> EXERCISE INPUTS
lemma second_difference_approx:
  fixes g :: "'n::finite fn"
  assumes g: "smooth_on UNIV g"
    and cont: "\<And>z. dist z y < \<delta> \<Longrightarrow> norm (partial j (partial i g) z - D) \<le> \<epsilon>"
    and h: "h > 0" "2 * h < \<delta>"
  shows "norm ((g (y + h *\<^sub>R axis i 1 + h *\<^sub>R axis j 1) - g (y + h *\<^sub>R axis i 1)
                - g (y + h *\<^sub>R axis j 1) + g y) - (h * h) *\<^sub>R D) \<le> \<epsilon> * h * h"
proof -
  let ?ei = "axis i 1 :: real^'n" and ?ej = "axis j 1 :: real^'n"
  have di: "partially_differentiable i g"
    using smooth_on_imp_partially_differentiable[OF g] .
  have dji: "partially_differentiable j (partial i g)"
    using smooth_on_imp_partially_differentiable[OF smooth_on_partial[OF g]] .
  define \<phi> where "\<phi> s = g ((y + h *\<^sub>R ?ej) + s *\<^sub>R ?ei) - g (y + s *\<^sub>R ?ei) - (s * h) *\<^sub>R D" for s
  have d\<phi>: "(\<phi> has_vector_derivative
      (partial i g ((y + h *\<^sub>R ?ej) + s *\<^sub>R ?ei) - partial i g (y + s *\<^sub>R ?ei) - h *\<^sub>R D)) (at s)" for s
    unfolding \<phi>_def
    by (auto intro!: derivative_eq_intros has_vector_derivative_partial_line[OF di]
             simp: has_vector_derivative_def[symmetric])
  have "norm (partial i g ((y + h *\<^sub>R ?ej) + s *\<^sub>R ?ei) - partial i g (y + s *\<^sub>R ?ei) - h *\<^sub>R D) \<le> \<epsilon> * h"
    if s: "\<bar>s\<bar> \<le> \<bar>h\<bar>" for s
  proof -
    define \<psi> where "\<psi> r = partial i g ((y + s *\<^sub>R ?ei) + r *\<^sub>R ?ej) - r *\<^sub>R D" for r
    have d\<psi>: "(\<psi> has_vector_derivative (partial j (partial i g) ((y + s *\<^sub>R ?ei) + r *\<^sub>R ?ej) - D)) (at r)" for r
      unfolding \<psi>_def
      by (auto intro!: derivative_eq_intros has_vector_derivative_partial_line[OF dji]
               simp: has_vector_derivative_def[symmetric])
    have "norm (\<psi> h - \<psi> 0) \<le> \<epsilon> * \<bar>h\<bar>"
    proof (rule norm_diff_le_derivative_bound[OF d\<psi>])
      fix r :: real assume r: "\<bar>r\<bar> \<le> \<bar>h\<bar>"
      have "dist ((y + s *\<^sub>R ?ei) + r *\<^sub>R ?ej) y \<le> norm (s *\<^sub>R ?ei) + norm (r *\<^sub>R ?ej)"
        using norm_triangle_ineq[of "s *\<^sub>R ?ei" "r *\<^sub>R ?ej"] by (simp add: dist_norm)
      also have "\<dots> < \<delta>" using s r h by simp
      finally show "norm (partial j (partial i g) ((y + s *\<^sub>R ?ei) + r *\<^sub>R ?ej) - D) \<le> \<epsilon>"
        using cont by blast
    qed
    then show ?thesis using h unfolding \<psi>_def by (simp add: algebra_simps)
  qed
  then have "norm (\<phi> h - \<phi> 0) \<le> (\<epsilon> * h) * \<bar>h\<bar>"
    by (rule norm_diff_le_derivative_bound[OF d\<phi>])
  then show ?thesis using h unfolding \<phi>_def by (simp add: algebra_simps)
qed

text \<open>Schwarz's theorem: both mixed second derivatives are limits of the same second difference quotient.\<close>

lemma partial_commute:
  fixes g :: "'n::finite fn"
  assumes g: "smooth_on UNIV g"
  shows "partial i (partial j g) = partial j (partial i g)"
proof (rule ext, rule ccontr)
  fix y
  define D1 where "D1 = partial j (partial i g) y"
  define D2 where "D2 = partial i (partial j g) y"
  define \<epsilon> where "\<epsilon> = norm (D1 - D2) / 4"
  assume "partial i (partial j g) y \<noteq> partial j (partial i g) y"
  then have \<epsilon>: "\<epsilon> > 0" unfolding \<epsilon>_def D1_def D2_def by simp
  have c1: "continuous_on UNIV (partial j (partial i g))"
    using smooth_on_continuous_iter_partial[OF g, of "[j, i]"] by simp
  obtain d1 where d1: "d1 > 0" "\<And>z. dist z y < d1 \<Longrightarrow> dist (partial j (partial i g) z) D1 < \<epsilon>"
    using c1 \<epsilon> unfolding continuous_on_iff D1_def by blast
  have c2: "continuous_on UNIV (partial i (partial j g))"
    using smooth_on_continuous_iter_partial[OF g, of "[i, j]"] by simp
  obtain d2 where d2: "d2 > 0" "\<And>z. dist z y < d2 \<Longrightarrow> dist (partial i (partial j g) z) D2 < \<epsilon>"
    using c2 \<epsilon> unfolding continuous_on_iff D2_def by blast
  define h where "h = min d1 d2 / 4"
  have h: "h > 0" "2 * h < d1" "2 * h < d2" using d1 d2 unfolding h_def by auto
  let ?X = "g (y + h *\<^sub>R axis i 1 + h *\<^sub>R axis j 1) - g (y + h *\<^sub>R axis i 1)
              - g (y + h *\<^sub>R axis j 1) + g y"
  have A1: "norm (?X - (h * h) *\<^sub>R D1) \<le> \<epsilon> * h * h"
  proof (rule second_difference_approx[OF g _ h(1,2)])
    show "norm (partial j (partial i g) z - D1) \<le> \<epsilon>" if "dist z y < d1" for z
      using d1(2)[OF that] by (simp add: dist_norm)
  qed
  have "norm ((g (y + h *\<^sub>R axis j 1 + h *\<^sub>R axis i 1) - g (y + h *\<^sub>R axis j 1)
                - g (y + h *\<^sub>R axis i 1) + g y) - (h * h) *\<^sub>R D2) \<le> \<epsilon> * h * h"
  proof (rule second_difference_approx[OF g _ h(1,3)])
    show "norm (partial i (partial j g) z - D2) \<le> \<epsilon>" if "dist z y < d2" for z
      using d2(2)[OF that] by (simp add: dist_norm)
  qed
  then have A2: "norm (?X - (h * h) *\<^sub>R D2) \<le> \<epsilon> * h * h"
    by (simp add: algebra_simps)
  have "(h * h) *\<^sub>R (D1 - D2) = (?X - (h * h) *\<^sub>R D2) - (?X - (h * h) *\<^sub>R D1)"
    by (simp add: algebra_simps)
  then have "(h * h) * norm (D1 - D2) = norm ((?X - (h * h) *\<^sub>R D2) - (?X - (h * h) *\<^sub>R D1))"
    using h by (metis abs_of_pos mult_pos_pos norm_scaleR)
  also have "\<dots> \<le> norm (?X - (h * h) *\<^sub>R D2) + norm (?X - (h * h) *\<^sub>R D1)"
    by (rule norm_triangle_ineq4)
  also have "\<dots> \<le> (h * h) * (2 * \<epsilon>)"
    using A1 A2 by (simp add: algebra_simps)
  finally have "norm (D1 - D2) \<le> 2 * \<epsilon>"
    using h by (simp add: mult_le_cancel_left_pos)
  then show False using \<epsilon> unfolding \<epsilon>_def by simp
qed

lemma iter_partial_move_front:
  assumes g: "smooth_on UNIV g"
  shows "j \<in> set ks \<Longrightarrow> iter_partial ks g = iter_partial (j # remove1 j ks) g"
proof (induction ks)
  case (Cons k ks)
  show ?case
  proof (cases "k = j")
    case False
    then have "iter_partial (k # ks) g = partial k (partial j (iter_partial (remove1 j ks) g))"
      using Cons by simp
    also have "\<dots> = partial j (partial k (iter_partial (remove1 j ks) g))"
      by (rule partial_commute[OF smooth_on_iter_partial[OF g]])
    finally show ?thesis using False by simp
  qed simp
qed simp

lemma iter_partial_perm:
  assumes g: "smooth_on UNIV g"
  shows "mset is = mset js \<Longrightarrow> iter_partial is g = iter_partial js g"
proof (induction js arbitrary: "is")
  case (Cons j js)
  then have "j \<in> set is" by (metis list.set_intros(1) set_mset_mset)
  then have "iter_partial is g = iter_partial (j # remove1 j is) g"
    by (rule iter_partial_move_front[OF g])
  also have "\<dots> = iter_partial (j # js) g"
    using Cons.IH[of "remove1 j is"] Cons.prems by simp
  finally show ?case .
qed simp

lemma iter_partial_partial_commute:
  assumes "smooth_on UNIV g"
  shows "iter_partial b (partial i g) = partial i (iter_partial b g)"
  using iter_partial_perm[OF assms, of "b @ [i]" "i # b"] by (simp add: iter_partial_append)

lemma coord_list_UNIV: "distinct (coord_list :: 'n::finite list) \<and> set coord_list = (UNIV :: 'n set)"
  unfolding coord_list_def by (rule someI_ex) (use finite_distinct_list[of "UNIV :: 'n set"] in auto)

lemma length_dpartial_list:
  "length (concat (map (\<lambda>i. replicate (\<alpha> i) i) (coord_list :: 'n::finite list))) = mabs \<alpha>"
  using coord_list_UNIV[where 'n='n]
  by (simp add: length_concat o_def mabs_def sum_list_distinct_conv_sum_set)

lemma mset_dpartial_list:
  "mset (concat (map (\<lambda>i. replicate (count (mset l) i) i) (coord_list :: 'n::finite list))) = mset l"
proof -
  have "count (mset (concat (map (\<lambda>i. replicate (\<alpha> i) i) xs))) x = (if x \<in> set xs then \<alpha> x else 0)"
    if "distinct xs" for xs :: "'n list" and \<alpha> x
    using that by (induction xs) (auto simp: count_eq_zero_iff)
  then show ?thesis using coord_list_UNIV[where 'n='n] by (intro multiset_eqI) simp
qed

lemma dpartial_count_mset:
  "smooth_on UNIV g \<Longrightarrow> dpartial (count (mset l)) g = iter_partial l g"
  unfolding dpartial_def by (rule iter_partial_perm[OF _ mset_dpartial_list])

lemma mabs_count_mset: "mabs (count (mset (l :: 'n::finite list))) = length l"
proof -
  have "mabs (count (mset l)) = size (mset (concat (map (\<lambda>i. replicate (count (mset l) i) i) (coord_list :: 'n list))))"
    by (simp only: size_mset length_dpartial_list)
  then show ?thesis by (simp only: mset_dpartial_list size_mset)
qed

section \<open>Smooth functions of bounded support\<close>

definition test_fun :: "'n::finite fn \<Rightarrow> bool" where
  "test_fun g \<longleftrightarrow> smooth_on UNIV g \<and> (\<exists>B. \<forall>y. B < norm y \<longrightarrow> g y = 0)"

lemma test_fun_smooth: "test_fun g \<Longrightarrow> smooth_on UNIV g"
  unfolding test_fun_def by blast

lemma partial_eq_0_outside:
  fixes g :: "'n::finite fn"
  assumes "\<forall>y. B < norm y \<longrightarrow> g y = 0"
  shows "\<forall>y. B < norm y \<longrightarrow> partial i g y = 0"
proof (intro allI impI)
  fix y :: "real^'n" assume y: "B < norm y"
  have "((\<lambda>s. g (y + s *\<^sub>R axis i 1)) has_vector_derivative 0) (at 0)"
  proof (rule has_vector_derivative_transform_within_open[of "\<lambda>_. 0"])
    show "(0::real) \<in> ball 0 (norm y - B)" using y by simp
    fix s :: real assume "s \<in> ball 0 (norm y - B)"
    then have "B < norm (y + s *\<^sub>R axis i 1)"
      using norm_triangle_ineq4[of "y + s *\<^sub>R axis i 1" "s *\<^sub>R axis i 1"] by simp
    then show "0 = g (y + s *\<^sub>R axis i 1)" using assms by simp
  qed auto
  then show "partial i g y = 0" unfolding partial_def by (rule vector_derivative_at)
qed

lemma iter_partial_eq_0_outside:
  "\<forall>y. B < norm y \<longrightarrow> g y = 0 \<Longrightarrow> \<forall>y. B < norm y \<longrightarrow> iter_partial l g y = 0"
  by (induction l) (simp_all add: partial_eq_0_outside)

lemma test_fun_iter_partial: "test_fun g \<Longrightarrow> test_fun (iter_partial l g)"
  unfolding test_fun_def using smooth_on_iter_partial iter_partial_eq_0_outside by blast

lemma test_fun_partial: "test_fun g \<Longrightarrow> test_fun (partial i g)"
  using test_fun_iter_partial[of g "[i]"] by simp

lemma D0_imp_test_fun: "g \<in> D0 \<Longrightarrow> test_fun g"
  unfolding D0_def test_fun_def bounded_iff by (force simp: not_le[symmetric])

lemma test_on_imp_test_fun: "test_on \<Omega> c \<Longrightarrow> test_fun c"
  unfolding test_on_def test_fun_def
  by (metis compact_imp_bounded bounded_iff not_le)

lemma test_fun_bounded: "test_fun g \<Longrightarrow> bounded (range g)"
proof -
  assume g: "test_fun g"
  then obtain B where B: "\<forall>y. B < norm y \<longrightarrow> g y = 0" unfolding test_fun_def by blast
  have "compact (g ` cball 0 B)"
    using smooth_on_imp_continuous[OF test_fun_smooth[OF g]]
    by (intro compact_continuous_image) (auto intro: continuous_on_subset)
  moreover have "g y \<in> insert 0 (g ` cball 0 B)" for y
    using B[rule_format, of y] by (cases "norm y \<le> B") auto
  then have "range g \<subseteq> insert 0 (g ` cball 0 B)" by blast
  ultimately show ?thesis by (meson bounded_insert bounded_subset compact_imp_bounded)
qed

lemma finite_lists_length_le_UNIV: "finite {b :: 'a::finite list. length b \<le> m}"
  using finite_lists_length_le[of "UNIV :: 'a set" m] by simp

lemma test_fun_bounded_derivatives:
  assumes "test_fun g"
  obtains M where "M \<ge> 0" "\<And>a y. length a \<le> m \<Longrightarrow> norm (iter_partial a g y) \<le> M"
proof -
  have "bounded (\<Union>a\<in>{a. length a \<le> m}. range (iter_partial a g))"
    using test_fun_bounded[OF test_fun_iter_partial[OF assms]] finite_lists_length_le_UNIV by blast
  then obtain M where M: "M > 0" "\<And>a y. length a \<le> m \<Longrightarrow> norm (iter_partial a g y) \<le> M"
    unfolding bounded_pos by blast
  show thesis by (rule that[of M]) (use M in auto)
qed

lemma test_fun_uniformly_continuous:
  assumes "test_fun g" "\<epsilon> > 0"
  shows "eventually (\<lambda>v. \<forall>y. norm (g (y + v) - g y) \<le> \<epsilon>) (nhds 0)"
proof -
  obtain B where B: "\<forall>y. B < norm y \<longrightarrow> g y = 0" using assms unfolding test_fun_def by blast
  let ?K = "cball 0 (\<bar>B\<bar> + 1)"
  have "uniformly_continuous_on ?K g"
    using smooth_on_imp_continuous[OF test_fun_smooth[OF assms(1)]]
    by (intro compact_uniformly_continuous) (auto intro: continuous_on_subset)
  then obtain d where d: "d > 0" "\<And>x y. x \<in> ?K \<Longrightarrow> y \<in> ?K \<Longrightarrow> dist y x < d \<Longrightarrow> dist (g y) (g x) < \<epsilon>"
    unfolding uniformly_continuous_on_def using assms(2) by metis
  have "norm (g (y + v) - g y) \<le> \<epsilon>" if v: "norm v < min d 1" for v y
  proof (cases "y \<in> ?K \<and> y + v \<in> ?K")
    case True
    then show ?thesis using d(2)[of y "y + v"] v by (simp add: dist_norm)
  next
    case False
    then have "B < norm y \<and> B < norm (y + v)"
      using v norm_triangle_ineq[of y v] norm_triangle_ineq4[of "y + v" v] by auto
    then show ?thesis using B assms(2) by simp
  qed
  then show ?thesis unfolding eventually_nhds_metric
    by (intro exI[of _ "min d 1"]) (use d(1) in auto)
qed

> DIRECTIONS FOR THIS TASK
What lines in the material above include "range"? Copy every one of them.

> SOLUTION TO THE EXERCISE
lemma test_fun_bounded: "test_fun g \<Longrightarrow> bounded (range g)"
  then have "range g \<subseteq> insert 0 (g ` cball 0 B)" by blast
  have "bounded (\<Union>a\<in>{a. length a \<le> m}. range (iter_partial a g))"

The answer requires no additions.